No need to summarize this time. Phillip Longman wrote out his whole talk, with the illustrations more viewable even than they were at the Seminar and talk. (excerpt below)
It is full of rethink-the-news sentences like: “Notice that Japan’s lengthening recession began just as continuously falling fertility rates at last caused its working-age population to begin shrinking in relative size.”
One thing worth adding from the Q&A at Phil’s public lecture August 13th. Kevin Kelly asked him what he thought the world might feel like in 100 years.
“People a century from now will have so few blood relatives I think it could be very lonely.” The audience, convinced by then, was utterly still.
Excerpt from Longman's talk:
"So where will the children of the future come from? Some biologists speculate that modern human beings have created an environment in which the “fittest”, or most successful, individuals are precisely those who have few, if any, offspring. As more and more humans find themselves living under conditions in which children have become costly impediments to success, those who are well adapted to this new environment will tend not to reproduce themselves. And many others who are not so successful will imitate them.
But this hardly implies extinction.

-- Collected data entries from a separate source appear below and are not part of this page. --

lemma emeasure_rha_level_contains_pairs_le:
  fixes \<phi> :: "nat \<Rightarrow> 'a list" and cs :: "nat \<Rightarrow> 'a list"
  assumes s: "1 \<le> s" and inj: "inj_on \<phi> {1..k (s - 1)}"
    and len: "\<And>a. a \<in> {1..k (s - 1)} \<Longrightarrow> length (\<phi> a) = L"
    and dist: "distinct (map cs [0..<m])" and m: "m \<le> k s"
  shows "emeasure (rha_level k s)
      {x. \<forall>q<m. \<exists>a\<in>{1..k (s - 1)}. \<exists>b\<in>{1..k (s - 1)}. (a, b) \<in> fst x \<and> \<phi> a @ \<phi> b = cs q}
    \<le> ennreal (real (((k (s - 1))\<^sup>2 - m) choose (k s - m)) / real ((k (s - 1))\<^sup>2 choose k s))"
    (is "emeasure _ ?E \<le> _")
proof (cases "?E = {}")
  case False
  let ?U = "{1..k (s - 1)} \<times> {1..k (s - 1)}"
  define \<psi> where "\<psi> p = \<phi> (fst p) @ \<phi> (snd p)" for p
  define R where "R = {p \<in> ?U. \<exists>q<m. \<psi> p = cs q}"
  have inj\<psi>: "inj_on \<psi> ?U"
    unfolding \<psi>_def by (rule inj_on_append_pairs[OF inj len])
  from False obtain x0 where x0: "x0 \<in> ?E" by blast
  have "\<psi> ` R = cs ` {..<m}"
    using x0 by (force simp: R_def \<psi>_def)
  then have card: "card R = m"
    using dist card_image[OF inj_on_subset[OF inj\<psi>], of R]
    by (simp add: R_def distinct_map card_image lessThan_atLeast0)
  have "R \<subseteq> fst x" if x: "x \<in> ?E" for x
  proof
    fix p assume "p \<in> R"
    then obtain q where q: "q < m" "\<psi> p = cs q" and p: "p \<in> ?U" by (auto simp: R_def)
    from x q(1) obtain a b where ab: "(a, b) \<in> ?U" "(a, b) \<in> fst x" "\<phi> a @ \<phi> b = cs q"
      by blast
    then have "(a, b) = p"
      using inj_onD[OF inj\<psi> _ ab(1) p] q(2) by (simp add: \<psi>_def)
    with ab(2) show "p \<in> fst x" by simp
  qed
  then have "?E \<subseteq> {x. R \<subseteq> fst x}" by blast
  then have "emeasure (rha_level k s) ?E \<le> emeasure (rha_level k s) {x. R \<subseteq> fst x}"
    by (rule emeasure_mono) simp
  also have "\<dots> = ennreal (real (((k (s - 1))\<^sup>2 - m) choose (k s - m)) / real ((k (s - 1))\<^sup>2 choose k s))"
    using emeasure_rha_level_supset[OF s, of R] card m by (simp add: R_def)
  finally show ?thesis .
next
  case True
  show ?thesis unfolding True by simp
qed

Some people will still have children. They just won’t be people highly motivated by material concerns or secular values. Disproportionately, the parents of the future will be people who are at odds with the modern environment – people who either “don’t get” the new rules of the game that make large families a liability or who, out of religious or chauvinistic conviction, reject the game altogether. In short people like Mormons. "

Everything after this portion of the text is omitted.